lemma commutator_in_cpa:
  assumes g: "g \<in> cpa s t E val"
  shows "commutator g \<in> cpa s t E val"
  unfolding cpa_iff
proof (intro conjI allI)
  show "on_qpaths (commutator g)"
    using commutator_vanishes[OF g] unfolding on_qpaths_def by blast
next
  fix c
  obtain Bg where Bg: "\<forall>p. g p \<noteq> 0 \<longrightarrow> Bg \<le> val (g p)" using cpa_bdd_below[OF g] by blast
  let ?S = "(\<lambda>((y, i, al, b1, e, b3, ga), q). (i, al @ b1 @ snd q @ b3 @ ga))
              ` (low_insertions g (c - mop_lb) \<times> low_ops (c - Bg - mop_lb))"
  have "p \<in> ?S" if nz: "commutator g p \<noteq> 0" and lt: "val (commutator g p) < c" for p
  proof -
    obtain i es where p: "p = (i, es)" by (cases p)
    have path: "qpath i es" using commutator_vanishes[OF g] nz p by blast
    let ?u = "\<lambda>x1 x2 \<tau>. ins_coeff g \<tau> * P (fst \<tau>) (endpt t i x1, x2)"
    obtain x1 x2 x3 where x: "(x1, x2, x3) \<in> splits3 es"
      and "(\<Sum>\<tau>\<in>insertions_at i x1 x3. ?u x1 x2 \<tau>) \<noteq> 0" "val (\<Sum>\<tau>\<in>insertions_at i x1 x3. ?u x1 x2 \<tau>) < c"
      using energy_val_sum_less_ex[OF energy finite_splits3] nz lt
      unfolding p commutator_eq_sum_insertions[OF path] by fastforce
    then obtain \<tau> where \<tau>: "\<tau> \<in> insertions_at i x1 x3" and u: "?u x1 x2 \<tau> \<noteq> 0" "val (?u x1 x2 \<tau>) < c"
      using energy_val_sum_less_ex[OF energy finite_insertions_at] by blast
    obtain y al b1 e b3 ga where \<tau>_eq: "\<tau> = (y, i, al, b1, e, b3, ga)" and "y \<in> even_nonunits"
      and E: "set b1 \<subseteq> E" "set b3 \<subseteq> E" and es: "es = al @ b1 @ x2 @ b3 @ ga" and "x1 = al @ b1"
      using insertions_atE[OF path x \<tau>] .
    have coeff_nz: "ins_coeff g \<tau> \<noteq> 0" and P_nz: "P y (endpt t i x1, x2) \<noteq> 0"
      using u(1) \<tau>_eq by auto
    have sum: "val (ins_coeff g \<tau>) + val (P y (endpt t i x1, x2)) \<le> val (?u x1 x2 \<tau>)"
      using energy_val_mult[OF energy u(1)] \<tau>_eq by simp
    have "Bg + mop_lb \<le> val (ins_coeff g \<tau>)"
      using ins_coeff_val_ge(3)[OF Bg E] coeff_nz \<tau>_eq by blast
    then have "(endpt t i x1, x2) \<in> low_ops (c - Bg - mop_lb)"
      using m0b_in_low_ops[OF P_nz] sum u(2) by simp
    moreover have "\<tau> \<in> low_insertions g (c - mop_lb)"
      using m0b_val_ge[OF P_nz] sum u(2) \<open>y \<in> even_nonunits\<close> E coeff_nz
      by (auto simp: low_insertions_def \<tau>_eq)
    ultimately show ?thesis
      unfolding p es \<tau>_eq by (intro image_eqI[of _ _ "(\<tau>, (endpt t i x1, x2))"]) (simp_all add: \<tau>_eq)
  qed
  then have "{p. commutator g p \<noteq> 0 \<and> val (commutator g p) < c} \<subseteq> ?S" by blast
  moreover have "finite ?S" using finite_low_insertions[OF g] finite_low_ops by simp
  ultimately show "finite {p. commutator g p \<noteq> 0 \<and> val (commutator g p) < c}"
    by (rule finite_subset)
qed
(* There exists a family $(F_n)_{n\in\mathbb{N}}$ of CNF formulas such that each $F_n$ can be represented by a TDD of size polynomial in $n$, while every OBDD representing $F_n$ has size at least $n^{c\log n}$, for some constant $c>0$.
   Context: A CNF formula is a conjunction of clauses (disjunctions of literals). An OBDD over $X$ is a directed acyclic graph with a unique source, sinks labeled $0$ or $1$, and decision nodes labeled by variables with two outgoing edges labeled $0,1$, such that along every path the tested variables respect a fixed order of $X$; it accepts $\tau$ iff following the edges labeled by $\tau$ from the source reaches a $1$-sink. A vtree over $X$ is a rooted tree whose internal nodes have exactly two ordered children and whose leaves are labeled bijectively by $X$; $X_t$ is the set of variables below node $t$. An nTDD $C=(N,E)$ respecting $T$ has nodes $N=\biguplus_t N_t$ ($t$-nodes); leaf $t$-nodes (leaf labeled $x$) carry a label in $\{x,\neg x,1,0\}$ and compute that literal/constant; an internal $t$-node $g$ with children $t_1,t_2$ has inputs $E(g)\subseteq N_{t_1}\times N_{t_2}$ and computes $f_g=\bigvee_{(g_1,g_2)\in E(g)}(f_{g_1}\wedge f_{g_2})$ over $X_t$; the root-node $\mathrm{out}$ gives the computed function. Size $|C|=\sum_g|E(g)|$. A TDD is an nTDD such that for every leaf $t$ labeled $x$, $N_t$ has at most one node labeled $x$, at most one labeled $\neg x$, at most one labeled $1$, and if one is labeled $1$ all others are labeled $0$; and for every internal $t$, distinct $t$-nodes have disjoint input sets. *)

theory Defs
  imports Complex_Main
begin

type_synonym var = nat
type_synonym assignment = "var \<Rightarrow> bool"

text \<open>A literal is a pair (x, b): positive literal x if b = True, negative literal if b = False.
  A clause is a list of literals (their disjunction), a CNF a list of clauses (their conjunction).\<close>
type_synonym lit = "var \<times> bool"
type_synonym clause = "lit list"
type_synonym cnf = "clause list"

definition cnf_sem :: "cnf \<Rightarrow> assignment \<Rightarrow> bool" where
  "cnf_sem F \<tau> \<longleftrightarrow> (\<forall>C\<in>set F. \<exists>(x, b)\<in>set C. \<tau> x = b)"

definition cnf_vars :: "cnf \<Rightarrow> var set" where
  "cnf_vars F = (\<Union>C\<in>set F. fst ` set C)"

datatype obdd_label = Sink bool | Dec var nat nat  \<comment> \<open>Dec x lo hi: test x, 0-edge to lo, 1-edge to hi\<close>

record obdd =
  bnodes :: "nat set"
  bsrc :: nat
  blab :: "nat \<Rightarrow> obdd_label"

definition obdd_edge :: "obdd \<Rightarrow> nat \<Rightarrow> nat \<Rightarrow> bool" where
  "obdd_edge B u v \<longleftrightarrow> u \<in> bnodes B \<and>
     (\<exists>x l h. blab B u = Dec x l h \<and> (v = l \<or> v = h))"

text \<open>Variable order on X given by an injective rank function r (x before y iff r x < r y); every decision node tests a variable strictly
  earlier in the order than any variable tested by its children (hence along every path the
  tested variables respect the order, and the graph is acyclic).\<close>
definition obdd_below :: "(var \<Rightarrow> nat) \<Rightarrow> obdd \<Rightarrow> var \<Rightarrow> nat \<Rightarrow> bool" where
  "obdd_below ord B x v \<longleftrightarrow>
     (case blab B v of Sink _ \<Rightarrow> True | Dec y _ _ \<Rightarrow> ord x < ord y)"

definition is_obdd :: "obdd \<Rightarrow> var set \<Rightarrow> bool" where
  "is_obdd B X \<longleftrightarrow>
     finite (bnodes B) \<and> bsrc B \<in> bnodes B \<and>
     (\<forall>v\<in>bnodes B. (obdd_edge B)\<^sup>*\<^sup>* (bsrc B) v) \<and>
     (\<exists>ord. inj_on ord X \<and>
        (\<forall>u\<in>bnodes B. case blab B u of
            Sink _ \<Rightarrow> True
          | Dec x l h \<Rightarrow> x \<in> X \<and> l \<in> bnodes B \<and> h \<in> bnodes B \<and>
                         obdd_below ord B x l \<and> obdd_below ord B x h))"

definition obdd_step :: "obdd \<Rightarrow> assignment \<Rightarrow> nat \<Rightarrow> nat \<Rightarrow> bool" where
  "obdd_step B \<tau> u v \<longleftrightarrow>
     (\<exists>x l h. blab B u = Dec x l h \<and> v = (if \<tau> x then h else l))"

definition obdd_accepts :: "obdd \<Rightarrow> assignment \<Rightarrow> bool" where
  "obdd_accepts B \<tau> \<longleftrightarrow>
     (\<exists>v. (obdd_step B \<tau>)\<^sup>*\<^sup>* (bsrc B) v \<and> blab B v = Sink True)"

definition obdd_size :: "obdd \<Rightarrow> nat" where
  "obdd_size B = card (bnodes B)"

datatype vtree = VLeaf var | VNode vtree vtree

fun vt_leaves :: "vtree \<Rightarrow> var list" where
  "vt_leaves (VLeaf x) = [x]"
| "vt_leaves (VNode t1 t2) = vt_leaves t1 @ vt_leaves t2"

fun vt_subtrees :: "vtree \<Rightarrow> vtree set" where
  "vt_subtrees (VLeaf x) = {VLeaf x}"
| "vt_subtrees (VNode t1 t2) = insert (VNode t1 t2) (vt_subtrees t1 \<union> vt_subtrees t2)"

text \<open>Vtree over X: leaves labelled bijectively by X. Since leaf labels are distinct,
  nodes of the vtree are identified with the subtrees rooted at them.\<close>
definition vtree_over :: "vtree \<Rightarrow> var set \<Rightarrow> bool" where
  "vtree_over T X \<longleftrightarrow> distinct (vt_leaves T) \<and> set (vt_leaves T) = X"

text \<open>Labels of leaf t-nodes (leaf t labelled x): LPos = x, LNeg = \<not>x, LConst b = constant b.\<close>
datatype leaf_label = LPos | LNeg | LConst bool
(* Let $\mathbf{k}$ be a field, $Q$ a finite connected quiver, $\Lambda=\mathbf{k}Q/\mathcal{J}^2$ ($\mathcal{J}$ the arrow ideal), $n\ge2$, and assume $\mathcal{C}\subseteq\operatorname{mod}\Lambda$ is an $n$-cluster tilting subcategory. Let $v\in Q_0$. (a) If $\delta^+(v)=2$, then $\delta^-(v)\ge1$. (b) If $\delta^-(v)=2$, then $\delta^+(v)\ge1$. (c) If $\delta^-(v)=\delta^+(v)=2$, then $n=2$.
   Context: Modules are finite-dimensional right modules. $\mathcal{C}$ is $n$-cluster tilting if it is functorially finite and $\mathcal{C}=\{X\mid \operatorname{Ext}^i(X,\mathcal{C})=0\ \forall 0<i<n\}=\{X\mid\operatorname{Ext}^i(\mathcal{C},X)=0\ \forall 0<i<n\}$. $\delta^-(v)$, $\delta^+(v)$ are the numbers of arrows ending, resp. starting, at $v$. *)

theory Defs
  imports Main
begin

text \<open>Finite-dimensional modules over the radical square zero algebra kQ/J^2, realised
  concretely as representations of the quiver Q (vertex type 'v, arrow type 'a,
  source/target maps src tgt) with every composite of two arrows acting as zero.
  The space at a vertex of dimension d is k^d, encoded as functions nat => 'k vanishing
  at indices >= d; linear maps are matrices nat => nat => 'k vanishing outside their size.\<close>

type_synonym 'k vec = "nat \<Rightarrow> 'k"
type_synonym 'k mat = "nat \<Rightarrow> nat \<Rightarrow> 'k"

══════

- EXERCISE BRIEF -
Search the listing above for the word "unfolding", and copy every line that has it.

- TASK OUTPUT -
  unfolding cpa_iff
    using commutator_vanishes[OF g] unfolding on_qpaths_def by blast
      unfolding p commutator_eq_sum_insertions[OF path] by fastforce
      unfolding p es \<tau>_eq by (intro image_eqI[of _ _ "(\<tau>, (endpt t i x1, x2))"]) (simp_all add: \<tau>_eq)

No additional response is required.